I have to be careful with myself - I have a habit of thinking I can do about eight things in a single day. I am working hard to recognise that, in one day, I can achieve one, maybe two things if they’re not huge ones. Then there will be a bit of time around the edges to fill with all the little admin bits. I try to make sure that I have put time in to do the things that really matter - the things that will make a big impact for the business, the things I’m really passionate about, the things where someone will die or our house will be repossessed if I don’t do them. Then I make myself reminders for the things that do have a deadline but that don’t have to be done RIGHT NOW, so as to quiet that panicky little voice and reassure it that the task is in hand - we’ll get to it, we’re safe to leave it for now.

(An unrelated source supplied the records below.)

text \<open>A longest chain ending at x extends by y.\<close>
lemma chain_height_less:
  assumes fin: "finite C" and inj_f: "inj_on f C" and "x \<in> C" "y \<in> C" "f x < f y" "g x < g y"
  shows "chain_height f g C x < chain_height f g C y"
proof -
  obtain S where S: "S \<in> concordant_chains f g C x" "card S = chain_height f g C x"
    using chain_height_attained[OF fin \<open>x \<in> C\<close>] by blast
  then have SC: "S \<subseteq> C" and conc: "concordant_on f g S" and below: "\<forall>z\<in>S. f z \<le> f x"
    and "x \<in> S" by (simp_all add: concordant_chains_def)
  have g_below: "g z \<le> g x" if "z \<in> S" for z
  proof (cases "z = x")
    case False
    then have "f z < f x"
      using that below SC \<open>x \<in> C\<close> inj_on_eq_iff[OF inj_f] by (metis le_neq_implies_less subsetD)
    then show ?thesis using conc that \<open>x \<in> S\<close> unfolding concordant_on_def by (meson less_imp_le)
  qed simp
  have "y \<notin> S" using below \<open>f x < f y\<close> by force
  have "concordant_on f g (insert y S)"
    unfolding concordant_on_def
  proof (intro ballI impI)
    fix z w assume zw: "z \<in> insert y S" "w \<in> insert y S" "f z < f w"
    show "g z < g w"
    proof (cases "w = y")
      case True
      then show ?thesis using zw g_below[of z] \<open>g x < g y\<close> by auto
    next
      case False
      then have "w \<in> S" "z \<in> S" using zw below \<open>f x < f y\<close> by force+
      then show ?thesis using conc zw(3) unfolding concordant_on_def by blast
    qed
  qed
  then have "insert y S \<in> concordant_chains f g C y"
    using SC below \<open>f x < f y\<close> \<open>y \<in> C\<close> by (force simp: concordant_chains_def)
  then have "card (insert y S) \<le> chain_height f g C y" by (rule card_le_chain_height[OF fin])
  moreover have "card (insert y S) = chain_height f g C x + 1"
    using S(2) \<open>y \<notin> S\<close> finite_subset[OF SC fin] by simp
  ultimately show ?thesis by simp
qed

text \<open>Erdos-Szekeres: if no chain height reaches r, the heights take fewer than r values,
  so s elements share one height, and any two of them are discordant.\<close>
lemma erdos_szekeres:
  fixes f g :: "'a \<Rightarrow> nat"
  assumes fin: "finite C" and inj_f: "inj_on f C" and inj_g: "inj_on g C"
    and card_C: "(r - 1) * (s - 1) < card C" and "1 \<le> r"
  shows "(\<exists>S\<subseteq>C. card S = r \<and> concordant_on f g S) \<or>
         (\<exists>S\<subseteq>C. card S = s \<and> (\<forall>x\<in>S. \<forall>y\<in>S. f x < f y \<longrightarrow> g y < g x))"
proof (cases "\<exists>c\<in>C. r \<le> chain_height f g C c")
  case True
  then obtain c S where "c \<in> C" "S \<in> concordant_chains f g C c" "r \<le> card S"
    using chain_height_attained[OF fin] by metis
  moreover obtain S' where "S' \<subseteq> S" "card S' = r"
    using obtain_subset_with_card_n[of r S] \<open>r \<le> card S\<close> by auto
  ultimately show ?thesis
    using concordant_on_subset by (intro disjI1 exI[of _ S']) (auto simp: concordant_chains_def)
next
  case False
  define D where "D l = {c\<in>C. chain_height f g C c = l}" for l
  have "\<exists>l. s \<le> card (D l)"
  proof (rule ccontr)
    assume "\<not> ?thesis"
    then have large_fails: "\<not> s \<le> card (D l)" for l by blast
    have small: "card (D l) \<le> s - 1" for l using large_fails[of l] by arith
    have "C = (\<Union>l\<in>{1..<r}. D l)" using False chain_height_pos[OF fin] by (force simp: D_def)
    then have "card C \<le> (\<Sum>l\<in>{1..<r}. card (D l))" using card_UN_le[of "{1..<r}" D] by simp
    also have "\<dots> \<le> (\<Sum>l\<in>{1..<r}. s - 1)" by (intro sum_mono small)
    finally show False using card_C by simp
  qed
  then obtain l S where S: "S \<subseteq> D l" "card S = s"
    using obtain_subset_with_card_n by meson
  have "g y < g x" if "x \<in> S" "y \<in> S" "f x < f y" for x y
  proof (rule ccontr)
    assume "\<not> g y < g x"
    moreover have "x \<in> C" "y \<in> C" "x \<noteq> y" using that S(1) by (auto simp: D_def)
    ultimately have "g x < g y" using inj_on_eq_iff[OF inj_g] by (metis nat_neq_iff)
    then have "chain_height f g C x < chain_height f g C y"
      using chain_height_less[OF fin inj_f \<open>x \<in> C\<close> \<open>y \<in> C\<close> \<open>f x < f y\<close>] by blast
    moreover have "x \<in> D l" "y \<in> D l" using that S(1) by auto
    ultimately show False by (simp add: D_def)
  qed
  moreover have "S \<subseteq> C" using S by (auto simp: D_def)
  ultimately show ?thesis using S by blast
qed

lemma two_of_three_concordant:
  fixes f1 f2 f3 :: "'a \<Rightarrow> nat"
  assumes fin: "finite C" and inj1: "inj_on f1 C" and inj2: "inj_on f2 C" and inj3: "inj_on f3 C"
    and "1 \<le> k" and card_C: "(k - 1) ^ 3 < card C"
  shows "\<exists>S\<subseteq>C. card S = k \<and>
           (concordant_on f1 f2 S \<or> concordant_on f1 f3 S \<or> concordant_on f2 f3 S)"
proof -
  have "(k - 1) * ((k - 1)\<^sup>2 + 1 - 1) < card C"
    using card_C by (simp add: power3_eq_cube power2_eq_square)
  from erdos_szekeres[OF fin inj1 inj2 this \<open>1 \<le> k\<close>] show ?thesis
  proof (elim disjE exE conjE)
    fix D assume D: "D \<subseteq> C" "card D = (k - 1)\<^sup>2 + 1"
      and anti12: "\<forall>x\<in>D. \<forall>y\<in>D. f1 x < f1 y \<longrightarrow> f2 y < f2 x"
    have "(k - 1) * (k - 1) < card D" using D by (simp add: power2_eq_square)
    from erdos_szekeres[OF finite_subset[OF D(1) fin] inj_on_subset[OF inj1 D(1)]
        inj_on_subset[OF inj3 D(1)] this \<open>1 \<le> k\<close>] show ?thesis
    proof (elim disjE exE conjE)
      fix S assume S: "S \<subseteq> D" "card S = k" and anti13: "\<forall>x\<in>S. \<forall>y\<in>S. f1 x < f1 y \<longrightarrow> f3 y < f3 x"
      have "concordant_on f2 f3 S" unfolding concordant_on_def
      proof (intro ballI impI)
        fix x y assume xy: "x \<in> S" "y \<in> S" "f2 x < f2 y"
        then have "f1 x \<noteq> f1 y" using inj_onD[OF inj1] S D by blast
        moreover have "\<not> f1 x < f1 y" using anti12 xy S by (meson less_not_sym subsetD)
        ultimately show "f3 x < f3 y" using anti13 xy by (meson linorder_neqE_nat)
      qed
      then show ?thesis using S D by blast
    qed (use D in blast)
  qed blast
qed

I treat the time I have scheduled in as if it were a meeting I’d booked with someone. It’s non-negotiable, and it can’t be moved unless something much more important crops up. If possible, I get out of the house and/or away from my work computer to do big tasks that need focus. I turn off notifications on my laptop and phone so that I’m not distracted by emails and messages. A few days ago I left my home office and went down to my kitchen with some big pieces of paper and coloured pens to work on a marketing strategy in a different environment that didn’t make me feel like I should be doing something else. A clear schedule, and space to follow it away from competing demands, is the only way to move forward instead of spinning in circles chasing your tail!
Creative exercise
If balance is something you feel in need of, I have a creative exercise to help you explore it. You’ll find all the instructions and details of the materials you need below.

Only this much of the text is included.